==== DATA FOR ANALYSIS

(* Let $n\ge 2$ and let $G=(A,B,E)$ be a $(k,\epsilon)$-unbalanced expander with $|A|=n$, $|B|=m$ and left degree $d$, where $1/\epsilon<n$ and $d<n$. Let $\Phi$ be the $m\times n$ adjacency matrix of $G$. Then there is an absolute constant $C>1$ (independent of $n,m,k,d,\epsilon$) such that for every $p$ with $1\le p\le 1+1/\log n$ and every $k$-sparse vector $x\in\mathbb{R}^n$, $$(1-C\epsilon)\,\|x\|_p\;\le\;\|d^{-1/p}\Phi x\|_p\;\le\;(1+C\epsilon)\,\|x\|_p .$$ (In particular, for $p=1$ one may take $(1-2\epsilon)\|x\|_1\le \|\Phi x\|_1/d\le \|x\|_1$.)
   Context: A $(k,\epsilon)$-unbalanced expander is a simple bipartite graph $G=(A,B,E)$ in which every vertex of $A$ has exactly $d$ neighbours (left degree $d$) such that for every $X\subseteq A$ with $|X|\le k$, the neighbourhood $N(X)\subseteq B$ satisfies $|N(X)|\ge(1-\epsilon)d|X|$. The adjacency matrix of $G$ (with $A=\{1,\dots,n\}$, $B=\{1,\dots,m\}$) is the $m\times n$ $0$–$1$ matrix with entry $(j,i)$ equal to $1$ iff $(i,j)\in E$. A vector is $k$-sparse if it has at most $k$ nonzero coordinates. $\|x\|_p=(\sum_i|x_i|^p)^{1/p}$. *)

theory Defs
  imports Complex_Main
begin

text \<open>Left vertex set A = {0..<n}, right vertex set B = {0..<m}; the graph is given
  by its edge set E \<subseteq> A \<times> B (a simple bipartite graph).\<close>

definition nbhd :: "(nat \<times> nat) set \<Rightarrow> nat set \<Rightarrow> nat set" where
  "nbhd E X = {j. \<exists>i\<in>X. (i, j) \<in> E}"

definition unbalanced_expander ::
  "nat \<Rightarrow> nat \<Rightarrow> nat \<Rightarrow> nat \<Rightarrow> real \<Rightarrow> (nat \<times> nat) set \<Rightarrow> bool" where
  "unbalanced_expander n m d k \<epsilon> E \<longleftrightarrow>
     E \<subseteq> {0..<n} \<times> {0..<m} \<and>
     (\<forall>i<n. card {j. (i, j) \<in> E} = d) \<and>
     (\<forall>X. X \<subseteq> {0..<n} \<longrightarrow> card X \<le> k \<longrightarrow>
        real (card (nbhd E X)) \<ge> (1 - \<epsilon>) * real d * real (card X))"

definition adj_matrix :: "(nat \<times> nat) set \<Rightarrow> nat \<Rightarrow> nat \<Rightarrow> real" where
  "adj_matrix E j i = (if (i, j) \<in> E then 1 else 0)"

definition mat_vec :: "nat \<Rightarrow> (nat \<Rightarrow> nat \<Rightarrow> real) \<Rightarrow> (nat \<Rightarrow> real) \<Rightarrow> nat \<Rightarrow> real" where
  "mat_vec n M x = (\<lambda>j. \<Sum>i<n. M j i * x i)"

definition pnorm :: "nat \<Rightarrow> real \<Rightarrow> (nat \<Rightarrow> real) \<Rightarrow> real" where
  "pnorm n p x = (\<Sum>i<n. \<bar>x i\<bar> powr p) powr (1 / p)"

definition sparse :: "nat \<Rightarrow> nat \<Rightarrow> (nat \<Rightarrow> real) \<Rightarrow> bool" where
  "sparse n k x \<longleftrightarrow> card {i \<in> {..<n}. x i \<noteq> 0} \<le> k"

end

theory Submission
  imports Defs "HOL-Analysis.Derivative"
begin

(* Let S be the support of x and, for every right vertex j adjacent to S, let a_j be the largest
   |x_i| over the neighbours i of j in S. Counting the d edges at each left vertex gives
   sum_j sum_{i ~ j} |x_i|^p = d ||x||_p^p, and expansion, applied level by level to the values of
   |x|^p, shows that the heaviest terms alone carry sum_j a_j^p >= (1 - eps) d ||x||_p^p: the other
   edges carry at most eps d ||x||_p^p.
   Now (Phi x)_j is the heaviest term plus the others, whose absolute values sum to some b_j, so
   |(Phi x)_j|^p differs from a_j^p by at most p n^(p-1) b_j a_j^(p-1). For p <= 1 + 1/ln n the
   factor n^(p-1) is below e, and b_j a_j^(p-1) is at most n^(2(p-1)) times the p-th powers of the
   other terms plus a_j^p / n. Since 1/n < eps, summing over j puts sum_j |(Phi x)_j|^p within
   O(eps) d ||x||_p^p of d ||x||_p^p, and p-th roots only shrink relative errors. For p = 1 no
   loss occurs at all: a_j - b_j <= |(Phi x)_j| <= a_j + b_j. *)

lemma powr_ge_Bernoulli:
  fixes y p :: real
  assumes "0 < y" "1 \<le> p"
  shows "1 + p * (y - 1) \<le> y powr p"
proof -
  have "((\<lambda>t. t powr p) has_field_derivative p) (at 1 within {0<..})"
    by (rule derivative_eq_intros refl | simp)+
  then have "p * (y - 1) \<le> y powr p - 1 powr p"
    using assms by (intro convex_on_imp_above_tangent[OF powr_convex]) (auto simp: interior_open)
  then show ?thesis by simp
qed

lemma powr_add_le:
  fixes a b p :: real
  assumes "0 < a" "0 \<le> b" "1 \<le> p"
  shows "(a + b) powr p \<le> a powr p + p * b * (a + b) powr (p - 1)"
proof -
  have "(a + b) powr p * (1 + p * (a / (a + b) - 1)) \<le> (a + b) powr p * (a / (a + b)) powr p"
    using assms by (intro mult_left_mono powr_ge_Bernoulli) auto
  also have "\<dots> = a powr p" using assms by (simp add: powr_divide)
  also have "(a + b) powr p * (1 + p * (a / (a + b) - 1)) = (a + b) powr p - p * b * (a + b) powr (p - 1)"
    using assms by (simp add: powr_diff field_simps)
  finally show ?thesis by simp
qed

lemma powr_ge_diff:
  fixes a b y p :: real
  assumes "0 < a" "0 \<le> b" "0 \<le> y" "1 \<le> p" "a - b \<le> y"
  shows "a powr p - p * b * a powr (p - 1) \<le> y powr p"
proof (cases "b < a")
  case True
  have "a powr p * (1 + p * ((a - b) / a - 1)) \<le> a powr p * ((a - b) / a) powr p"
    using True assms by (intro mult_left_mono powr_ge_Bernoulli) auto
  also have "\<dots> = (a - b) powr p" using True assms by (simp add: powr_divide)
  also have "\<dots> \<le> y powr p" using True assms by (intro powr_mono2) auto
  also have "a powr p * (1 + p * ((a - b) / a - 1)) = a powr p - p * b * a powr (p - 1)"
    using assms by (simp add: powr_diff field_simps)
  finally show ?thesis .
next
  case False
  have "a powr p = a * a powr (p - 1)" using assms by (simp add: powr_diff)
  also have "\<dots> \<le> p * b * a powr (p - 1)"
    using False assms by (intro mult_right_mono) (auto intro: order_trans[of _ b] simp: mult_le_cancel_right1)
  finally show ?thesis by (smt (verit) powr_ge_zero)
qed

lemma abs_powr_diff_le:
  fixes a b y p N :: real
  assumes "0 < a" "0 \<le> b" "0 \<le> y" "1 \<le> p" "1 \<le> N"
    and "a - b \<le> y" "y \<le> a + b" "a + b \<le> N * a"
  shows "\<bar>y powr p - a powr p\<bar> \<le> p * N powr (p - 1) * b * a powr (p - 1)"
proof -
  have "y powr p \<le> (a + b) powr p"
    using assms by (intro powr_mono2) auto
  also have "\<dots> \<le> a powr p + p * b * (a + b) powr (p - 1)"
    using assms by (intro powr_add_le)
  also have "(a + b) powr (p - 1) \<le> N powr (p - 1) * a powr (p - 1)"
    using assms by (auto simp flip: powr_mult intro: powr_mono2)
  finally have "y powr p \<le> a powr p + p * b * (N powr (p - 1) * a powr (p - 1))"
    using assms by (simp add: mult_left_mono)
  moreover have "a powr p - p * b * a powr (p - 1) \<le> y powr p"
    using assms by (intro powr_ge_diff)
  moreover have "1 \<le> N powr (p - 1)" using assms by (simp add: ge_one_powr_ge_zero)
  then have "p * b * a powr (p - 1) \<le> p * N powr (p - 1) * b * a powr (p - 1)"
    using mult_left_mono[of 1 "N powr (p - 1)" "p * b * a powr (p - 1)"] assms
    by (simp add: algebra_simps)
  ultimately show ?thesis by (simp add: abs_le_iff algebra_simps)
qed

lemma mult_powr_le_split:
  fixes u a p t :: real
  assumes "0 \<le> u" "0 \<le> a" "1 \<le> p" "0 < t"
  shows "u * a powr (p - 1) \<le> t powr (p - 1) * u powr p + a powr p / t"
proof (cases "a \<le> t * u")
  case True
  then have "0 < u \<or> a = 0" using assms by (cases "u = 0") auto
  then show ?thesis
  proof
    assume "0 < u"
    have "u * a powr (p - 1) = u powr p * (a / u) powr (p - 1)"
      using \<open>0 < u\<close> assms by (simp add: powr_divide powr_diff field_simps)
    also have "\<dots> \<le> u powr p * t powr (p - 1)"
      using True \<open>0 < u\<close> assms by (intro mult_left_mono powr_mono2) (auto simp: field_simps)
    moreover have "0 \<le> a powr p / t" using assms by simp
    ultimately show ?thesis by (simp add: mult.commute)
  qed (simp add: add_increasing)
next
  case False
  have "u * a powr (p - 1) \<le> (a / t) * a powr (p - 1)"
    using False assms by (intro mult_right_mono) (auto simp: field_simps)
  also have "\<dots> = a powr p / t"
    using False assms by (cases "a = 0") (simp_all add: powr_diff)
  finally show ?thesis by (simp add: add_increasing)
qed

lemma powr_minus_one_le_exp_1:
  fixes N p :: real
  assumes "1 < N" "p \<le> 1 + 1 / ln N"
  shows "N powr (p - 1) \<le> exp 1"
proof -
  have "(p - 1) * ln N \<le> 1" using assms by (simp add: field_simps)
  then show ?thesis using assms by (simp add: powr_def mult.commute)
qed

lemma inverse_ln_le_2:
  fixes N :: real
  assumes "2 \<le> N"
  shows "1 / ln N \<le> 2"
proof -
  have "exp (1/2::real) ^ 2 < 2 ^ 2"
    using exp_le by (simp add: power2_eq_square flip: exp_add)
  then have "exp (1/2::real) < 2" by (rule power_less_imp_less_base) auto
  then have "1 / 2 < ln (2::real)"
    by (metis exp_gt_zero ln_exp ln_less_cancel_iff zero_less_numeral)
  also have "\<dots> \<le> ln N" using assms by simp
  finally show ?thesis by (simp add: field_simps)
qed

lemma abs_powr_diff_le_rel:
  fixes X Y c q :: real
  assumes "0 \<le> X" "0 \<le> Y" "0 \<le> c" "0 < q" "q \<le> 1" "\<bar>Y - X\<bar> \<le> c * X"
  shows "\<bar>Y powr q - X powr q\<bar> \<le> c * X powr q"
proof -
  have "Y powr q \<le> ((1 + c) * X) powr q"
    using assms by (intro powr_mono2) (auto simp: algebra_simps)
  also have "\<dots> = (1 + c) powr q * X powr q" using assms by (simp add: powr_mult)
  also have "\<dots> \<le> (1 + c) * X powr q"
    using powr_mono[of q 1 "1 + c"] assms by (intro mult_right_mono) auto
  finally have upper: "Y powr q \<le> (1 + c) * X powr q" .
  have "(1 - c) * X powr q \<le> Y powr q"
  proof (cases "c < 1")
    case True
    have "(1 - c) * X powr q \<le> (1 - c) powr q * X powr q"
      using powr_mono'[of q 1 "1 - c"] True assms by (intro mult_right_mono) auto
    also have "\<dots> = ((1 - c) * X) powr q" using True assms by (simp add: powr_mult)
    also have "\<dots> \<le> Y powr q"
      using True assms by (intro powr_mono2) (auto simp: abs_le_iff algebra_simps mult_left_le)
    finally show ?thesis .
  next
    case False
    then have "(1 - c) * X powr q \<le> 0" by (simp add: mult_nonpos_nonneg)
    then show ?thesis by (meson order_trans powr_ge_zero)
  qed
  with upper show ?thesis by (simp add: abs_le_iff algebra_simps)
qed

lemma abs_sum_ge_twice_Max_minus:
  fixes f :: "'a \<Rightarrow> real"
  assumes "finite T" "T \<noteq> {}"
  shows "2 * Max ((\<lambda>i. \<bar>f i\<bar>) ` T) - (\<Sum>i\<in>T. \<bar>f i\<bar>) \<le> \<bar>\<Sum>i\<in>T. f i\<bar>"
proof -
  have "Max ((\<lambda>i. \<bar>f i\<bar>) ` T) \<in> (\<lambda>i. \<bar>f i\<bar>) ` T" using assms by (intro Max_in) auto
  then obtain i0 where i0: "i0 \<in> T" "\<bar>f i0\<bar> = Max ((\<lambda>i. \<bar>f i\<bar>) ` T)" by auto
  have "\<bar>\<Sum>i\<in>T - {i0}. f i\<bar> \<le> (\<Sum>i\<in>T - {i0}. \<bar>f i\<bar>)" by (rule sum_abs)
  then show ?thesis using assms i0 by (simp add: sum.remove, arith)
qed

lemma sum_mult_powr_le_split:
  fixes u :: "'a \<Rightarrow> real" and a p N :: real
  assumes "finite R" "\<And>i. i \<in> R \<Longrightarrow> 0 \<le> u i" "0 \<le> a" "1 \<le> p" "1 \<le> N" "real (card R) \<le> N"
  shows "(\<Sum>i\<in>R. u i) * a powr (p - 1) \<le> (N powr (p - 1))\<^sup>2 * (\<Sum>i\<in>R. u i powr p) + a powr p / N"
proof -
  have "(\<Sum>i\<in>R. u i) * a powr (p - 1) \<le> (\<Sum>i\<in>R. (N\<^sup>2) powr (p - 1) * u i powr p + a powr p / N\<^sup>2)"
    unfolding sum_distrib_right using assms by (intro sum_mono mult_powr_le_split) auto
  also have "\<dots> = (N powr (p - 1))\<^sup>2 * (\<Sum>i\<in>R. u i powr p) + real (card R) * (a powr p / N\<^sup>2)"
    using assms by (simp add: sum.distrib sum_distrib_left power2_eq_square powr_mult)
  also have "real (card R) * (a powr p / N\<^sup>2) \<le> N * (a powr p / N\<^sup>2)"
    using assms by (intro mult_right_mono) auto
  also have "N * (a powr p / N\<^sup>2) = a powr p / N"
    using assms by (simp add: power2_eq_square)
  finally show ?thesis by simp
qed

========

WORK INSTRUCTION: Lines containing the string "edges" in the entries above should be counted. State that number alone.

RESULT FOR THIS TASK: 2